Eagleton has always being interested in materialist literary criticism. At Cambridge, he came under the influence of Raymond Williams, although later in life he was somewhat critical of his teacher. I found his book 'Criticism and Ideology' quite helpful. In the late seventies, I was teaching course in the Department of Sinhala of the Vidyalankara University on Marxism and literature, and I found Eagleton's book an enabling one to think through some of the salient issues. Admittedly, it was a tentative and incomplete book - more a work in progress. However, in his discussion, he raised a number of issues that could be productively pursued in class. In recent years, Terry Eagleton has become more critical of European high theory that has gained wide popularity in many parts of the world. His books such as 'The Illusions of Postmodernism' and 'After Theory', bear testimony to this fact. In his writings, Eagleton has adhered to a useful concept of objectivity. As he remarked once, 'Objectivity does not mean judging from nowhere. On the contrary, you can only know how the situation is if you are in a position to know. Only by standing at a certain angle to reality can it be illuminated for you. The wretched of the earth, for example, are likely to appreciate more of the truth of human history than their masters - not because they are innately more perceptive, but because they can glean from their everyday experience that history for the vast majority of men and women has been largely a matter of despotic power and fruitless toil.'

Terry Eagleton's latest book, 'Reason, Faith and Revolution: Reflections on the God Debate', has generated a great deal of interest; he has been criticised equally harshly by the orthodox believers as well as atheists. To my mind, the most interesting parts of the book are when he takes on popular rational atheists such as Ronald Dawkins and Christopher Hitchens. Dawkins' book, 'The God Delusion' and Hitchen's book 'God is not Great' have become best sellers. Although I am not totally persuaded by Eagleton's arguments, he certainly has put up the best defense against Dawkins and Hitchens etc that I know.

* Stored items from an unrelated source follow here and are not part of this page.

(* Let $\mu\ge\lambda>0$. Let $\zeta_t^O$ be the nearest neighbours three state contact process with parameters $(\lambda,\mu)$ started from the standard initial configuration, with $I_t=\{x:\zeta_t^O(x)=1\}$, $r_t=\sup I_t$, $l_t=\inf I_t$, and let $\xi_t^{\mathbb Z}$ be the nearest neighbours contact process with parameter $\mu$ started from $\mathbb Z$, the two coupled by the graphical construction. Then for all $t\ge0$, $I_t=\xi_t^{\mathbb Z}\cap[l_t,r_t]$ on the event $\{I_t\ne\emptyset\}$.
   Context: The nearest neighbours three state contact process with parameters $(\lambda,\mu)$ has state space $\{-1,0,1\}^{\mathbb Z}$; each site $x$ makes transitions $-1\to1$ at rate $\lambda n_t(x)$, $0\to1$ at rate $\mu n_t(x)$, $1\to0$ at rate 1, where $n_t(x)$ is the number of $y\in\{x-1,x+1\}$ in state 1. The standard initial configuration has the origin in state 1 and all other sites in state $-1$. Graphical construction (for $\mu\ge\lambda$): for each $x\in\mathbb Z$ and $y\in\{x-1,x+1\}$ take independent Poisson processes of rate $\lambda$ ($\lambda$-arrows from $x$ to $y$) and rate $\mu-\lambda$ ($(\mu-\lambda)$-arrows from $x$ to $y$), and for each $x$ an independent rate-1 Poisson process of recovery marks at $x$. The three state process is defined from these: at a $\lambda$-arrow from $x$ to $y$, if just before $x$ is in state 1 and $y$ in state $0$ or $-1$, then $y$ becomes 1; at a $(\mu-\lambda)$-arrow from $x$ to $y$, if just before $x$ is in state 1 and $y$ in state 0, then $y$ becomes 1; at a recovery mark at $x$, if $x$ is in state 1 it becomes 0. The contact process with parameter $\mu$ started from $A\subseteq\mathbb Z$ is $\xi_t^A=\{y:$ there is an oriented path from $(x,0)$ for some $x\in A$ to $(y,t)$ moving up time lines in increasing time without passing through a recovery mark and along arrows of either type in the direction of the arrow$\}$. Processes built from the same realization are said to be coupled by the graphical construction. *)

theory Defs
  imports Complex_Main
begin
(* Let $A\in\mathbb{R}^{m\times N}$, let $x\in\mathbb{R}^N$ be a nonzero $k$-sparse vector and $q\in(1,\infty]$. If $\rho_{q,3^{q/(q-1)}k}(A)>0$, then the unique solution of $\min_{z\in\mathbb{R}^N\setminus\{0\}}\lVert z\rVert_1/\lVert z\rVert_q$ subject to $Az=Ax$ is $x$.
   Context: For nonzero $z\in\mathbb{R}^N$ and $q\in(1,\infty)$, $s_q(z)=\left(\lVert z\rVert_1/\lVert z\rVert_q\right)^{q/(q-1)}$, and $s_\infty(z)=\lVert z\rVert_1/\lVert z\rVert_\infty$. For real $s\ge1$, $\rho_{q,s}(A)=\min\{\lVert Az\rVert_2/\lVert z\rVert_q: z\ne0,\ s_q(z)\le s\}$. For $q=\infty$ interpret $q/(q-1)=1$. A vector is $k$-sparse if it has at most $k$ nonzero entries. *)

theory Defs
  imports "HOL-Analysis.Analysis"
begin

text \<open>The exponent q ranges over (1,\<infinity>]; we model it as an extended real.\<close>

definition lq_norm :: "ereal \<Rightarrow> real ^ 'n \<Rightarrow> real" where
  "lq_norm q z = (case q of
       ereal r \<Rightarrow> (\<Sum>i\<in>UNIV. \<bar>z $ i\<bar> powr r) powr (1 / r)
     | _ \<Rightarrow> Max (range (\<lambda>i. \<bar>z $ i\<bar>)))"

definition l1_norm :: "real ^ 'n \<Rightarrow> real" where
  "l1_norm z = (\<Sum>i\<in>UNIV. \<bar>z $ i\<bar>)"

definition qexp :: "ereal \<Rightarrow> real" where
  "qexp q = (case q of ereal r \<Rightarrow> r / (r - 1) | _ \<Rightarrow> 1)"

definition sparsity_q :: "ereal \<Rightarrow> real ^ 'n \<Rightarrow> real" where
  "sparsity_q q z = (l1_norm z / lq_norm q z) powr (qexp q)"

definition rho_qs :: "ereal \<Rightarrow> real \<Rightarrow> real ^ 'n ^ 'm \<Rightarrow> real" where
  "rho_qs q s A = (INF z \<in> {z. z \<noteq> 0 \<and> sparsity_q q z \<le> s}. norm (A *v z) / lq_norm q z)"

definition k_sparse :: "nat \<Rightarrow> real ^ 'n \<Rightarrow> bool" where
  "k_sparse k x \<longleftrightarrow> card {i. x $ i \<noteq> 0} \<le> k"

end

(* Let S be the support of x, so card S <= k, and Hoelder's inequality gives
   sum_{i in S} |z_i| <= c ||z||_q with c = k^(1 - 1/q).  If a feasible w <> x had
   ||w||_1/||w||_q <= ||x||_1/||x||_q, then h = w - x lies in ker A and ||h||_1 <= 3c ||h||_q:
   off S the vectors w and h agree, on S we have ||w_S||_1 >= ||x||_1 - ||h_S||_1, and the
   ratio bound together with ||w||_q <= ||x||_q + ||h||_q gives ||w||_1 <= ||x||_1 + c ||h||_q.
   Thus s_q(h) <= (3c)^(q/(q-1)) = 3^(q/(q-1)) k, so h is admissible in the infimum defining
   rho, which therefore vanishes. *)
theory Submission
  imports Defs
begin

lemma convex_on_powr_nonneg:
  assumes "1 \<le> p"
  shows "convex_on {0..} (\<lambda>x::real. x powr p)"
proof (rule convex_on_linorderI)
  fix t x y :: real
  assume t: "0 < t" "t < 1" and xy: "x \<in> {0..}" "y \<in> {0..}" "x < y"
  show "((1 - t) *\<^sub>R x + t *\<^sub>R y) powr p \<le> (1 - t) * x powr p + t * y powr p"
  proof (cases "x = 0")
    case False
    then show ?thesis
      using convex_onD[OF powr_convex[OF assms], of t x y] t xy by auto
  next
    case True
    have "(t * y) powr p = t powr p * y powr p"
      using t xy by (simp add: powr_mult)
    also have "\<dots> \<le> t * y powr p"
      using t assms by (intro mult_right_mono powr_le_one_le) auto
    finally show ?thesis
      using True assms by simp
  qed
qed (simp add: convex_real_interval)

In his book, Eagleton asserts that religion has wrought untold miseries in human affairs, and therefore he has a good deal of sympathy for rationalists. However, he goes on to say that 'most such critics buy their rejection of religion on the cheap.' He feels that they have erected a rhetorical straw-man and that they entertain a simplistic view of religion. He prefers a form of tragic humanism to the currently pervasive liberal humanism. Eagleton's book is well-worth reading if only to be irritated by some of his arguments.